Carroll v. State
2013 Ark. App. 640
Ark. Ct. App.2013Background
- In July 2011 Carroll was placed on probation: 24 months for Class C felony theft by receiving and 12 months for misdemeanor unlawful copying/sale of recordings.
- In December 2012 the State petitioned to revoke Carroll’s probation alleging violations of required conditions.
- At a March 12, 2013 revocation hearing the circuit court found violations and revoked probation for both offenses; written order (Mar. 21, 2013) sentenced Carroll to 7 years DOC for the felony and 12 months county jail for the misdemeanor, to run concurrently.
- Carroll’s counsel filed an Anders no-merit brief and motion to withdraw; Carroll filed no points on appeal.

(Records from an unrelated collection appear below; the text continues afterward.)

text \<open>Recentring the baseline at \<open>\<mu> = \<theta> + \<Delta> (n - \<tau>)/n\<close> turns the mean of \<open>X\<^sub>i\<^sub>j\<close> into
  \<open>\<mu>\<^sub>j + \<Delta>\<^sub>j c\<^sub>i\<close>, so the product of the Gaussian density ratios only involves the contrast.\<close>

lemma X_law_density:
  fixes \<theta> \<Delta> :: "nat \<Rightarrow> real"
  assumes tau: "1 \<le> \<tau>" "\<tau> < n"
  defines "\<mu> \<equiv> \<lambda>j. \<theta> j + \<Delta> j * real (n - \<tau>) / real n"
  shows "X_law n d \<tau> \<theta> \<Delta> = density (X_law n d \<tau> \<mu> (\<lambda>_. 0)) (\<lambda>x. ennreal (cusum_lr n d \<tau> \<Delta> (Zstat n d x)))"
proof -
  define f where "f ij = (\<lambda>x. ennreal (exp (\<Delta> (snd ij) * cusum_contrast n \<tau> (fst ij) * (x - \<mu> (snd ij))
      - (\<Delta> (snd ij) * cusum_contrast n \<tau> (fst ij))\<^sup>2 / 2)))" for ij :: "nat \<times> nat"
  define M where "M ij = density lborel (normal_density (\<mu> (snd ij)) 1)" for ij :: "nat \<times> nat"
  have component: "density lborel (normal_density (\<theta> j + (if \<tau> < i then \<Delta> j else 0)) 1) = density (M (i, j)) (f (i, j))"
    for i j
  proof -
    have "\<theta> j + (if \<tau> < i then \<Delta> j else 0) = \<mu> j + \<Delta> j * cusum_contrast n \<tau> i"
      using tau by (simp add: \<mu>_def cusum_contrast_def field_simps)
    then show ?thesis
      by (simp add: density_normal_shift M_def f_def)
  qed
  have M: "prob_space (M ij)" for ij
    by (simp add: M_def prob_space_normal_density)
  have f: "f ij \<in> borel_measurable (M ij)" for ij
    unfolding f_def M_def measurable_cong_sets[OF sets_density refl] by simp
  have "X_law n d \<tau> \<theta> \<Delta> = PiM (Xidx n d) (\<lambda>ij. density (M ij) (f ij))"
    unfolding X_law_def by (intro PiM_cong refl) (auto simp: component)
  also have "\<dots> = density (PiM (Xidx n d) M) (\<lambda>x. \<Prod>ij\<in>Xidx n d. f ij (x ij))"
    using M f by (intro PiM_density) (auto simp: Xidx_def component[symmetric] prob_space_normal_density)
  also have "PiM (Xidx n d) M = X_law n d \<tau> \<mu> (\<lambda>_. 0)"
    unfolding X_law_def M_def by (intro PiM_cong refl) auto
  also have "(\<lambda>x. \<Prod>ij\<in>Xidx n d. f ij (x ij)) = (\<lambda>x. ennreal (cusum_lr n d \<tau> \<Delta> (Zstat n d x)))"
  proof
    fix x
    have "(\<Prod>ij\<in>Xidx n d. f ij (x ij)) = ennreal (exp (\<Sum>(i, j)\<in>Xidx n d.
        \<Delta> j * cusum_contrast n \<tau> i * (x (i, j) - \<mu> j) - (\<Delta> j * cusum_contrast n \<tau> i)\<^sup>2 / 2))"
      unfolding f_def by (simp add: prod_ennreal exp_sum Xidx_def split_beta)
    then show "(\<Prod>ij\<in>Xidx n d. f ij (x ij)) = ennreal (cusum_lr n d \<tau> \<Delta> (Zstat n d x))"
      by (simp add: cusum_exponent_identity[OF tau] cusum_lr_def)
  qed
  finally show ?thesis .
qed
(* Fix $\alpha\in(0,1)$ and $\nu\in(0,\alpha)$, and let $y\sim P_\mu$. (i) (Inference on the winner.) Let $\hat\gamma=\arg\max_{\gamma\in[m]}y_\gamma$ (ties broken by any rule) and $\widehat\Gamma^+_\nu=\{\gamma\in[m]: y_\gamma\ge y_{\hat\gamma}-4q^{\nu}([m])\}$. Then $$P_\mu\left\{\mu_{\hat\gamma}\in\left(y_{\hat\gamma}\pm q^{(\alpha-\nu)}(\widehat\Gamma^+_\nu)\right)\right\}\ge1-\alpha.$$ (ii) (File-drawer problem.) For a fixed threshold $T\in\mathbb R$ let $\widehat\Gamma=\{\gamma\in[m]:y_\gamma\ge T\}$ and $\widehat\Gamma^+_\nu=\{\gamma\in[m]: y_\gamma\ge T-2q^\nu([m])\}$. Then $$P_\mu\left\{\mu_\gamma\in\left(y_\gamma\pm q^{(\alpha-\nu)}(\widehat\Gamma^+_\nu)\right),\ \forall\gamma\in\widehat\Gamma\right\}\ge1-\alpha.$$
   Context: $\{P_\mu\}_{\mu\in\mathbb R^m}$ is a location family: $y=(y_1,\dots,y_m)\sim P_\mu$ means $y=\mu+Z$ with $Z=(Z_1,\dots,Z_m)\sim P_0$, where the $Z_i$ share a common marginal distribution that is symmetric with mean zero (the $Z_i$ need not be independent). For an index set $\mathcal I\subseteq[m]$ and $\beta\in(0,1)$, $$q^{\beta}(\mathcal I)=\inf\left\{q: P_0\left\{\max_{i\in\mathcal I}|Z_i|\le q\right\}\ge1-\beta\right\},$$ and for a data-dependent set $\widehat\Gamma^+_\nu$ the quantity $q^{(\alpha-\nu)}(\widehat\Gamma^+_\nu)$ is this function evaluated at the realized set. *)

theory Defs
  imports "HOL-Probability.Probability"
begin

text \<open>Index set [m] is the finite type 'm (m = CARD('m)); Z, y, mu are vectors real^'m.\<close>

definition maxabs :: "'m::finite set \<Rightarrow> real^'m \<Rightarrow> real" where
  "maxabs I z = Max (insert 0 ((\<lambda>i. \<bar>z$i\<bar>) ` I))"

definition qtl :: "(real^'m::finite) measure \<Rightarrow> real \<Rightarrow> 'm set \<Rightarrow> real" where
  "qtl P0 \<beta> I = Inf {q. measure P0 {z \<in> space P0. maxabs I z \<le> q} \<ge> 1 - \<beta>}"

end

theory Submission
  imports Defs
begin

(*
  Let Q = q^\<nu>([m]). With probability at least 1 - \<nu> every |Z_i| is at most Q; on that event
  the reported indices (the winner, resp. every index above T) lie in an oracle set \<Gamma> that depends
  on \<mu> alone (near-maximal means, resp. means above T - Q), and \<Gamma> is contained in the
  data-dependent set \<Gamma>^+_\<nu>. Since q^\<beta>(I) is monotone in I, coverage then follows from the event
  max_{i\<in>\<Gamma>} |Z_i| \<le> q^(\<alpha>-\<nu>)(\<Gamma>), which has probability at least 1 - (\<alpha> - \<nu>) because \<Gamma> is
  deterministic. A union bound gives 1 - \<alpha>.
*)

context real_distribution
begin

lemma quantile_set_nonempty:
  assumes "p < 1"
  shows "{q. p \<le> cdf M q} \<noteq> {}"
proof -
  have "eventually (\<lambda>q. p < cdf M q) at_top"
    using cdf_lim_at_top_prob assms by (rule order_tendstoD)
  then obtain q where "p < cdf M q" using eventually_happens by fastforce
  then show ?thesis by (auto intro: less_imp_le)
qed

lemma quantile_set_bdd_below:
  assumes "0 < p"
  shows "bdd_below {q. p \<le> cdf M q}"
proof -
  have "eventually (\<lambda>q. cdf M q < p) at_bot"
    using cdf_lim_at_bot assms by (rule order_tendstoD)
  then obtain b where b: "\<And>q. q \<le> b \<Longrightarrow> cdf M q < p" by (auto simp: eventually_at_bot_linorder)
  show ?thesis
  proof (rule bdd_belowI)
    fix q assume "q \<in> {q. p \<le> cdf M q}"
    then show "b \<le> q" using b[of q] by (cases "q \<le> b") auto
  qed
qed

(* The infimum is attained because the distribution function is right continuous. *)
lemma cdf_Inf_quantile_set_ge:
  assumes "0 < p" "p < 1"
  shows "p \<le> cdf M (Inf {q. p \<le> cdf M q})"
proof -
  define x where "x = Inf {q. p \<le> cdf M q}"
  have above: "eventually (\<lambda>t. p \<le> cdf M t) (at_right x)"
  proof (rule eventually_at_rightI)
    fix t assume "t \<in> {x<..<x + 1}"
    then have "Inf {q. p \<le> cdf M q} < t" unfolding x_def by simp
    then obtain q where "p \<le> cdf M q" "q < t"
      using cInf_less_iff[OF quantile_set_nonempty[OF \<open>p < 1\<close>] quantile_set_bdd_below[OF \<open>0 < p\<close>]]
      by auto
    then show "p \<le> cdf M t" using cdf_nondecreasing[of q t] by linarith
  qed simp
  have right_cont: "(cdf M \<longlongrightarrow> cdf M x) (at_right x)"
    using cdf_is_right_cont by (simp add: continuous_within)
  show ?thesis
    using tendsto_lowerbound[OF right_cont above trivial_limit_at_right_real] unfolding x_def .
qed

end

lemma borel_measurable_vec_component [measurable]:
  "(\<lambda>z::real^'m::finite. z $ i) \<in> borel_measurable borel"
  by (intro borel_measurable_continuous_onI continuous_intros)

lemma measurable_translate [measurable]:
  "(\<lambda>z::real^'m::finite. \<mu> + z) \<in> borel \<rightarrow>\<^sub>M borel"
  by (intro borel_measurable_continuous_onI continuous_intros)

lemma maxabs_le_iff: "maxabs I z \<le> q \<longleftrightarrow> 0 \<le> q \<and> (\<forall>i\<in>I. \<bar>z $ i\<bar> \<le> q)"
  unfolding maxabs_def by (subst Max_le_iff) auto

- The Arkansas Court of Appeals reviewed the record, concluded the revocation and evidentiary ruling were supported, granted counsel’s motion to withdraw, and affirmed—except it modified the judgment because the misdemeanor probation had already expired before the revocation petition.
Issues
| Issue | Plaintiff's Argument | Defendant's Argument | Held |
|---|---|---|---|
| Whether the trial court properly revoked probation for violations | State: Carroll violated probation conditions and revocation was warranted | Carroll: (implicit) revocation not warranted; counsel raised no meritorious points | Court: Evidence supported finding of violations; revocation of felony probation affirmed |
| Admissibility of probation officer’s testimony about reporting frequency | State: Officer’s testimony about reporting requirement was admissible | Carroll: Objected to that testimony (relevance/other basis) | Court: Overruled objection; testimony admissible and ruling correct |
| Legality of revoking misdemeanor probation after it expired | State: Sought revocation of both probations in same petition | Carroll: (implicit) revocation improper because misdemeanor probation had expired | Court: Revocation of the misdemeanor was illegal because twelve‑month probation had expired before petition; judgment modified to delete misdemeanor revocation |
Key Cases Cited
- Anders v. California, 386 U.S. 738 (U.S. 1967) (procedure for counsel to seek withdrawal when appeal is frivolous)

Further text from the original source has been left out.